The line with "columns in that" marks where to begin. Please copy it and each line after it to the end of the records below, exactly.
Segment Start: SOURCE DATA
(* Let $\mathcal{C}$ be a linear $[n,n-r]_q$ code with full-rank parity-check matrix $H\in\mathbb{F}_q^{r\times n}$, and let $b\ge 2$. (a) If every $z\in\mathbb{F}_q^r$ is a linear combination of $b$ cyclically consecutive columns of $H$ (i.e. $\mathcal{C}$ is $b$-burst-covering with bursts considered cyclically), then \[ n\ge \frac{q^{r-b+1}-1}{q-1}+1. \] (b) If every $z\in\mathbb{F}_q^r$ is a linear combination of columns $h_i,\dots,h_{i+b-1}$ of $H$ for some $0\le i\le n-b$ (bursts considered non-cyclically), then \[ n\ge \frac{q^{r-b+1}-1}{q-1}+b-1, \] with equality if and only if every non-zero vector of $\mathbb{F}_q^r$ occurs exactly once as a $b$-burst linear combination of columns of $H$, i.e. equals $Hc$ for exactly one non-zero $c\in\mathbb{F}_q^n$ whose support lies in $\{i,\dots,i+b-1\}$ for some $0\le i\le n-b$.
   Context: $h_0,\dots,h_{n-1}$ denote the columns of $H$; in (a) column indices are taken modulo $n$. $\mathcal{C}=\ker H$. *)

theory Defs
  imports Complex_Main
begin

text \<open>Vectors of F_q^m are functions nat => 'a vanishing outside {0..<m};
an r x n matrix H is a function nat => nat => 'a, H i j the entry in row i, column j
(only i < r, j < n are relevant).\<close>

definition is_vec :: "nat \<Rightarrow> (nat \<Rightarrow> 'a::zero) \<Rightarrow> bool" where
  "is_vec m z \<longleftrightarrow> (\<forall>i\<ge>m. z i = 0)"

definition matvec :: "nat \<Rightarrow> nat \<Rightarrow> (nat \<Rightarrow> nat \<Rightarrow> 'a::comm_semiring_1) \<Rightarrow> (nat \<Rightarrow> 'a) \<Rightarrow> (nat \<Rightarrow> 'a)" where
  "matvec r n H c = (\<lambda>i. if i < r then (\<Sum>j<n. H i j * c j) else 0)"

definition full_rank :: "nat \<Rightarrow> nat \<Rightarrow> (nat \<Rightarrow> nat \<Rightarrow> 'a::comm_semiring_1) \<Rightarrow> bool" where
  "full_rank r n H \<longleftrightarrow> (\<forall>z. is_vec r z \<longrightarrow> (\<exists>c. is_vec n c \<and> matvec r n H c = z))"

definition code :: "nat \<Rightarrow> nat \<Rightarrow> (nat \<Rightarrow> nat \<Rightarrow> 'a::comm_semiring_1) \<Rightarrow> (nat \<Rightarrow> 'a) set" where
  "code r n H = {c. is_vec n c \<and> matvec r n H c = (\<lambda>_. 0)}"

definition cyc_burst :: "nat \<Rightarrow> nat \<Rightarrow> (nat \<Rightarrow> 'a::zero) \<Rightarrow> bool" where
  "cyc_burst n b c \<longleftrightarrow> (\<exists>i<n. \<forall>j. c j \<noteq> 0 \<longrightarrow> (\<exists>k<b. j = (i + k) mod n))"

definition lin_burst :: "nat \<Rightarrow> nat \<Rightarrow> (nat \<Rightarrow> 'a::zero) \<Rightarrow> bool" where
  "lin_burst n b c \<longleftrightarrow> (\<exists>i. i + b \<le> n \<and> (\<forall>j. c j \<noteq> 0 \<longrightarrow> i \<le> j \<and> j < i + b))"

definition cyc_burst_covering :: "nat \<Rightarrow> nat \<Rightarrow> nat \<Rightarrow> (nat \<Rightarrow> nat \<Rightarrow> 'a::comm_semiring_1) \<Rightarrow> bool" where
  "cyc_burst_covering r n b H \<longleftrightarrow>
     (\<forall>z. is_vec r z \<longrightarrow> (\<exists>c. cyc_burst n b c \<and> matvec r n H c = z))"

definition lin_burst_covering :: "nat \<Rightarrow> nat \<Rightarrow> nat \<Rightarrow> (nat \<Rightarrow> nat \<Rightarrow> 'a::comm_semiring_1) \<Rightarrow> bool" where
  "lin_burst_covering r n b H \<longleftrightarrow>
     (\<forall>z. is_vec r z \<longrightarrow> (\<exists>c. lin_burst n b c \<and> matvec r n H c = z))"

end

theory Submission
  imports Defs "HOL-Probability.Product_PMF"
begin

(* Count the nonzero bursts by the position p of their first nonzero entry: those starting at p
   are the vectors supported on a window of at most b positions beginning at p and nonzero at p,
   at most (q - 1) q^(b-1) of them (fewer near the right end in the non-cyclic case). Every
   nonzero syndrome in F_q^r is the syndrome of a nonzero burst, so q^r - 1 is at most the number
   of nonzero bursts; rearranging gives both bounds, in (a) after rounding with the integrality of
   (q^(r-b+1) - 1)/(q - 1).
   In (b) equality holds iff the syndrome map from nonzero bursts to nonzero syndromes is a
   bijection. Unique burst syndromes already exclude a nonzero burst codeword c: for a column
   h_j != 0 in the window of c, the bursts e_j and e_j + c would share the syndrome h_j. So the
   columns in that window vanish, and since consecutive windows overlap, all columns vanish,
   contradicting the covering property. *)

lemma geometric_sum_nat:
  fixes q :: nat
  assumes "q \<ge> 1"
  shows "(q - 1) * (\<Sum>i<e. q ^ i) + 1 = q ^ e"
proof -
  have "int ((q - 1) * (\<Sum>i<e. q ^ i) + 1) = (int q - 1) * (\<Sum>i<e. int q ^ i) + 1"
    using assms by (simp add: of_nat_diff)
  also have "\<dots> = int (q ^ e)"
    by (simp add: power_diff_1_eq[symmetric])
  finally show ?thesis by (simp only: of_nat_eq_iff)
qed

lemma sum_power_min:
  fixes q :: nat
  assumes "q \<ge> 1" and "m \<le> n"
  shows "(\<Sum>s<n. (q - 1) * q ^ min m s) + 1 = (n - m) * (q - 1) * q ^ m + q ^ m"
  using assms(2)
proof (induction n rule: dec_induct)
  case base
  have "(\<Sum>s<m. (q - 1) * q ^ min m s) = (q - 1) * (\<Sum>s<m. q ^ s)"
    by (simp add: sum_distrib_left)
  then show ?case using geometric_sum_nat[OF assms(1)] by simp
next
  case (step n)
  then show ?case by (simp add: Suc_diff_le algebra_simps)
qed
Segment End: SOURCE DATA
SOLUTION TO THE PROBLEM:
   columns in that window vanish, and since consecutive windows overlap, all columns vanish,
   contradicting the covering property. *)

lemma geometric_sum_nat:
  fixes q :: nat
  assumes "q \<ge> 1"
  shows "(q - 1) * (\<Sum>i<e. q ^ i) + 1 = q ^ e"
proof -
  have "int ((q - 1) * (\<Sum>i<e. q ^ i) + 1) = (int q - 1) * (\<Sum>i<e. int q ^ i) + 1"
    using assms by (simp add: of_nat_diff)
  also have "\<dots> = int (q ^ e)"
    by (simp add: power_diff_1_eq[symmetric])
  finally show ?thesis by (simp only: of_nat_eq_iff)
qed

lemma sum_power_min:
  fixes q :: nat
  assumes "q \<ge> 1" and "m \<le> n"
  shows "(\<Sum>s<n. (q - 1) * q ^ min m s) + 1 = (n - m) * (q - 1) * q ^ m + q ^ m"
  using assms(2)
proof (induction n rule: dec_induct)
  case base
  have "(\<Sum>s<m. (q - 1) * q ^ min m s) = (q - 1) * (\<Sum>s<m. q ^ s)"
    by (simp add: sum_distrib_left)
  then show ?case using geometric_sum_nat[OF assms(1)] by simp
next
  case (step n)
  then show ?case by (simp add: Suc_diff_le algebra_simps)
qed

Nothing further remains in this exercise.